Source material:
lemma memLp_add:
  fixes X Y :: "'a \<Rightarrow> 'b::euclidean_space"
  assumes "memLp M p X" "memLp M p Y"
  shows "memLp M p (\<lambda>\<omega>. X \<omega> + Y \<omega>)"
proof (rule memLp_dominated_sum[of p X Y _ 1])
  show "(\<lambda>\<omega>. X \<omega> + Y \<omega>) \<in> borel_measurable M"
    using assms unfolding memLp_def by (intro borel_measurable_add) auto
  show "AE \<omega> in M. norm (X \<omega> + Y \<omega>) \<le> 1 * (norm (X \<omega>) + norm (Y \<omega>))"
    by (simp add: norm_triangle_ineq)
qed (use assms in auto)

lemma memLp_diff:
  fixes X Y :: "'a \<Rightarrow> 'b::euclidean_space"
  assumes "memLp M p X" "memLp M p Y"
  shows "memLp M p (\<lambda>\<omega>. X \<omega> - Y \<omega>)"
proof (rule memLp_dominated_sum[of p X Y _ 1])
  show "(\<lambda>\<omega>. X \<omega> - Y \<omega>) \<in> borel_measurable M"
    using assms unfolding memLp_def by (intro borel_measurable_diff) auto
  show "AE \<omega> in M. norm (X \<omega> - Y \<omega>) \<le> 1 * (norm (X \<omega>) + norm (Y \<omega>))"
    by (simp add: norm_triangle_ineq4)
qed (use assms in auto)

lemma memLp_norm: "memLp M p X \<Longrightarrow> memLp M p (\<lambda>\<omega>. norm (X \<omega>))"
  by (rule memLp_dominated[of p X _ 1]) (auto simp: memLp_def)

lemma memLp_inner_bounded:
  fixes X V :: "'a \<Rightarrow> 'b::euclidean_space"
  assumes X: "memLp M p X" and V: "V \<in> borel_measurable M" and bound: "\<forall>\<omega>. norm (V \<omega>) \<le> L"
  shows "memLp M p (\<lambda>\<omega>. V \<omega> \<bullet> X \<omega>)"
proof (rule memLp_dominated[of p X _ L])
  show "(\<lambda>\<omega>. V \<omega> \<bullet> X \<omega>) \<in> borel_measurable M"
    using X V unfolding memLp_def by (intro borel_measurable_inner) auto
  show "0 \<le> L"
    using bound norm_ge_zero order_trans by blast
  have "norm (V \<omega> \<bullet> X \<omega>) \<le> L * norm (X \<omega>)" for \<omega>
    using Cauchy_Schwarz_ineq2[of "V \<omega>" "X \<omega>"] bound
    by (simp add: mult_right_mono order_trans)
  then show "AE \<omega> in M. norm (V \<omega> \<bullet> X \<omega>) \<le> L * norm (X \<omega>)"
    by simp
qed (fact X)

lemma memLp_integrable:
  fixes X :: "'a \<Rightarrow> 'b::euclidean_space"
  assumes "1 \<le> p" "memLp M p X"
  shows "integrable M X"
proof (cases "p = \<infinity>")
  case True
  then obtain C where "AE \<omega> in M. norm (X \<omega>) \<le> C"
    using assms by (auto simp: memLp_def)
  then show ?thesis
    using assms by (intro integrable_const_bound) (auto simp: memLp_def)
next
  case False
  let ?P = "enn2real p"
  have "1 \<le> ?P"
    using assms False by (metis enn2real_1 enn2real_mono infinity_ennreal_def top.not_eq_extremum)
  have bound: "norm (X \<omega>) \<le> 1 + norm (X \<omega>) powr ?P" for \<omega>
  proof (cases "norm (X \<omega>) \<le> 1")
    case True
    then show ?thesis
      using powr_ge_zero[of "norm (X \<omega>)" ?P] by linarith
  next
    case False
    then have "norm (X \<omega>) powr 1 \<le> norm (X \<omega>) powr ?P"
      using \<open>1 \<le> ?P\<close> by (intro powr_mono) auto
    then show ?thesis
      by simp
  qed
  have "integrable M (\<lambda>\<omega>. 1 + norm (X \<omega>) powr ?P)"
    using assms False by (simp add: memLp_def)
  then show ?thesis
  proof (rule Bochner_Integration.integrable_bound)
    show "X \<in> borel_measurable M"
      using assms(2) by (simp add: memLp_def)
    show "AE \<omega> in M. norm (X \<omega>) \<le> norm (1 + norm (X \<omega>) powr ?P)"
      using bound by (simp add: add_nonneg_nonneg)
  qed
qed

lemma integrable_mult_AE_bounded:
  fixes z g :: "'a \<Rightarrow> real"
  assumes "integrable M g" "z \<in> borel_measurable M" "AE \<omega> in M. \<bar>z \<omega>\<bar> \<le> C"
  shows "integrable M (\<lambda>\<omega>. z \<omega> * g \<omega>)"
proof (rule Bochner_Integration.integrable_bound)
  show "integrable M (\<lambda>\<omega>. \<bar>C\<bar> * g \<omega>)"
    using assms(1) by simp
  show "(\<lambda>\<omega>. z \<omega> * g \<omega>) \<in> borel_measurable M"
    using assms(1,2) by measurable
  show "AE \<omega> in M. norm (z \<omega> * g \<omega>) \<le> norm (\<bar>C\<bar> * g \<omega>)"
    using assms(3) by eventually_elim (simp add: abs_mult mult_right_mono)
qed

lemma integrable_mult_conj_exp:
  fixes z g :: "'a \<Rightarrow> real"
  assumes p: "1 \<le> p" and z: "memLp M (conj_exp p) z" and g: "memLp M p g"
  shows "integrable M (\<lambda>\<omega>. z \<omega> * g \<omega>)"
  using p
proof (cases rule: conj_exp_cases)
  case 1
  then obtain C where "AE \<omega> in M. \<bar>z \<omega>\<bar> \<le> C"
    using z by (auto simp: memLp_def)
  then show ?thesis
    using z memLp_integrable[OF p g] by (intro integrable_mult_AE_bounded) (auto simp: memLp_def)
next
  case 2
  then obtain C where "AE \<omega> in M. \<bar>g \<omega>\<bar> \<le> C"
    using g by (auto simp: memLp_def)
  then have "integrable M (\<lambda>\<omega>. g \<omega> * z \<omega>)"
    using g memLp_integrable[OF one_le_conj_exp[OF p] z]
    by (intro integrable_mult_AE_bounded) (auto simp: memLp_def)
  then show ?thesis
    by (simp add: mult.commute)
next
  case (3 P Q)
  have "integrable M (\<lambda>\<omega>. \<bar>g \<omega>\<bar> powr P / P + \<bar>z \<omega>\<bar> powr Q / Q)"
    using z g 3 by (simp add: memLp_def)
  then show ?thesis
  proof (rule Bochner_Integration.integrable_bound)
    show "(\<lambda>\<omega>. z \<omega> * g \<omega>) \<in> borel_measurable M"
      using z g unfolding memLp_def by (intro borel_measurable_times) auto
    have "\<bar>g \<omega>\<bar> * \<bar>z \<omega>\<bar> \<le> \<bar>g \<omega>\<bar> powr P / P + \<bar>z \<omega>\<bar> powr Q / Q" for \<omega>
      using 3 by (intro Youngs_inequality) auto
    moreover have "0 \<le> \<bar>g \<omega>\<bar> powr P / P + \<bar>z \<omega>\<bar> powr Q / Q" for \<omega>
      using 3 by simp
    ultimately show "AE \<omega> in M. norm (z \<omega> * g \<omega>) \<le> norm (\<bar>g \<omega>\<bar> powr P / P + \<bar>z \<omega>\<bar> powr Q / Q)"
      by (simp add: abs_mult mult.commute)
  qed
qed

lemma integral_abs_mult_small_L1:
  fixes z :: "'a \<Rightarrow> real"
  assumes "memLp M \<infinity> z" and "0 < \<delta>"
  obtains \<epsilon> where "0 < \<epsilon>"
    "\<And>h. memLp M 1 h \<Longrightarrow> Lpnorm M 1 h < \<epsilon> \<Longrightarrow> (\<integral>\<omega>. \<bar>z \<omega>\<bar> * \<bar>h \<omega>\<bar> \<partial>M) < \<delta>"
proof -
  obtain C where C: "AE \<omega> in M. \<bar>z \<omega>\<bar> \<le> C"
    using assms(1) by (auto simp: memLp_def)
  define K where "K = max C 0 + 1"
  have "0 < K"
    by (simp add: K_def)
  show thesis
  proof (rule that)
    show "0 < \<delta> / K"
      using \<open>0 < K\<close> \<open>0 < \<delta>\<close> by simp
    fix h :: "'a \<Rightarrow> real"
    assume h: "memLp M 1 h" "Lpnorm M 1 h < \<delta> / K"
    have "integrable M h"
      using memLp_integrable[OF order_refl h(1)] .
    have "(\<integral>\<omega>. \<bar>z \<omega>\<bar> * \<bar>h \<omega>\<bar> \<partial>M) \<le> (\<integral>\<omega>. K * \<bar>h \<omega>\<bar> \<partial>M)"
    proof (rule integral_mono_AE)
      show "integrable M (\<lambda>\<omega>. \<bar>z \<omega>\<bar> * \<bar>h \<omega>\<bar>)"
        using \<open>integrable M h\<close> C memLp_borel_measurable[OF assms(1)]
        by (intro integrable_mult_AE_bounded[of _ _ C]) auto
      show "AE \<omega> in M. \<bar>z \<omega>\<bar> * \<bar>h \<omega>\<bar> \<le> K * \<bar>h \<omega>\<bar>"
        using C by eventually_elim (auto simp: K_def intro!: mult_right_mono)
    qed (use \<open>integrable M h\<close> in simp)
    also have "\<dots> = K * Lpnorm M 1 h"
      by (simp add: Lpnorm_def)
    also have "\<dots> < \<delta>"
      using h(2) \<open>0 < K\<close> by (simp add: field_simps)
    finally show "(\<integral>\<omega>. \<bar>z \<omega>\<bar> * \<bar>h \<omega>\<bar> \<partial>M) < \<delta>" .
  qed
qed

lemma integral_abs_mult_small_Young:
  fixes z :: "'a \<Rightarrow> real"
  assumes PQ: "1 < P" "1 < Q" "1 / P + 1 / Q = 1" and z: "memLp M (ennreal Q) z" and "0 < \<delta>"
  obtains \<epsilon> where "0 < \<epsilon>" "\<And>h. memLp M (ennreal P) h \<Longrightarrow> Lpnorm M (ennreal P) h < \<epsilon> \<Longrightarrow>
    (\<integral>\<omega>. \<bar>z \<omega>\<bar> * \<bar>h \<omega>\<bar> \<partial>M) < \<delta>"
proof -
  define A where "A = (\<integral>\<omega>. \<bar>z \<omega>\<bar> powr Q \<partial>M)"
  have "0 \<le> A"
    unfolding A_def by (intro integral_nonneg_AE) auto
  \<comment> \<open>Weight Young's inequality so that the contribution of \<open>z\<close> is below \<open>\<delta> / 2\<close>.\<close>
  define t where "t = (2 * A / \<delta> + 1) powr (1 / Q)"
  have "0 < 2 * A / \<delta> + 1"
    using \<open>0 \<le> A\<close> \<open>0 < \<delta>\<close> by (simp add: add_nonneg_pos)
  then have "0 < t" and "t powr Q = 2 * A / \<delta> + 1"
    using PQ by (simp_all add: t_def powr_powr)
  then have z_part: "A / t powr Q < \<delta> / 2"
    using \<open>0 \<le> A\<close> \<open>0 < \<delta>\<close> by (simp add: field_simps)
  show thesis
  proof (rule that)
    show "0 < (\<delta> / (2 * t powr P)) powr (1 / P)"
      using \<open>0 < \<delta>\<close> \<open>0 < t\<close> by simp
    fix h :: "'a \<Rightarrow> real"
    assume h: "memLp M (ennreal P) h" "Lpnorm M (ennreal P) h < (\<delta> / (2 * t powr P)) powr (1 / P)"
    have "(\<integral>\<omega>. \<bar>h \<omega>\<bar> powr P \<partial>M) < ((\<delta> / (2 * t powr P)) powr (1 / P)) powr P"
      using integral_powr_less_if_Lpnorm_less[OF _ h(2)] PQ by simp
    also have "\<dots> = \<delta> / (2 * t powr P)"
      using \<open>0 < \<delta>\<close> \<open>0 < t\<close> PQ by (simp add: powr_powr)
    finally have h_part: "t powr P * (\<integral>\<omega>. \<bar>h \<omega>\<bar> powr P \<partial>M) < \<delta> / 2"
      using \<open>0 < t\<close> by (simp add: field_simps)
    have "(\<integral>\<omega>. \<bar>z \<omega>\<bar> * \<bar>h \<omega>\<bar> \<partial>M) \<le> t powr P * (\<integral>\<omega>. \<bar>h \<omega>\<bar> powr P \<partial>M) + A / t powr Q"
      unfolding A_def using z h(1) PQ \<open>0 < t\<close>
      by (intro integral_abs_mult_le_weighted) (auto simp: memLp_def)
    with h_part z_part show "(\<integral>\<omega>. \<bar>z \<omega>\<bar> * \<bar>h \<omega>\<bar> \<partial>M) < \<delta>"
      by linarith
  qed
qed

lemma integral_abs_mult_small:
  fixes z :: "'a \<Rightarrow> real"
  assumes p: "1 \<le> p" "p \<noteq> \<infinity>" and z: "memLp M (conj_exp p) z" and "0 < \<delta>"
  obtains \<epsilon> where "0 < \<epsilon>"
    "\<And>h. memLp M p h \<Longrightarrow> Lpnorm M p h < \<epsilon> \<Longrightarrow> (\<integral>\<omega>. \<bar>z \<omega>\<bar> * \<bar>h \<omega>\<bar> \<partial>M) < \<delta>"
  using p(1)
proof (cases rule: conj_exp_cases)
  case 1
  with z have "memLp M \<infinity> z"
    by simp
  then show thesis
  proof (rule integral_abs_mult_small_L1[OF _ \<open>0 < \<delta>\<close>])
    fix \<epsilon>
    assume "0 < \<epsilon>" "\<And>h. memLp M 1 h \<Longrightarrow> Lpnorm M 1 h < \<epsilon> \<Longrightarrow> (\<integral>\<omega>. \<bar>z \<omega>\<bar> * \<bar>h \<omega>\<bar> \<partial>M) < \<delta>"
    with 1 show thesis
      by (intro that) auto
  qed
next
  case 2
  with p(2) show thesis
    by simp
next
  case (3 P Q)
  with z have "memLp M (ennreal Q) z"
    by simp
  then show thesis
  proof (rule integral_abs_mult_small_Young[OF 3(3-5) _ \<open>0 < \<delta>\<close>])
    fix \<epsilon>
    assume "0 < \<epsilon>" "\<And>h. memLp M (ennreal P) h \<Longrightarrow> Lpnorm M (ennreal P) h < \<epsilon> \<Longrightarrow>
      (\<integral>\<omega>. \<bar>z \<omega>\<bar> * \<bar>h \<omega>\<bar> \<partial>M) < \<delta>"
    with 3 show thesis
      by (intro that) auto
  qed
qed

Directions:
Could you tally the lines in these records that contain the word "linarith" and give only the result?

Written response:
2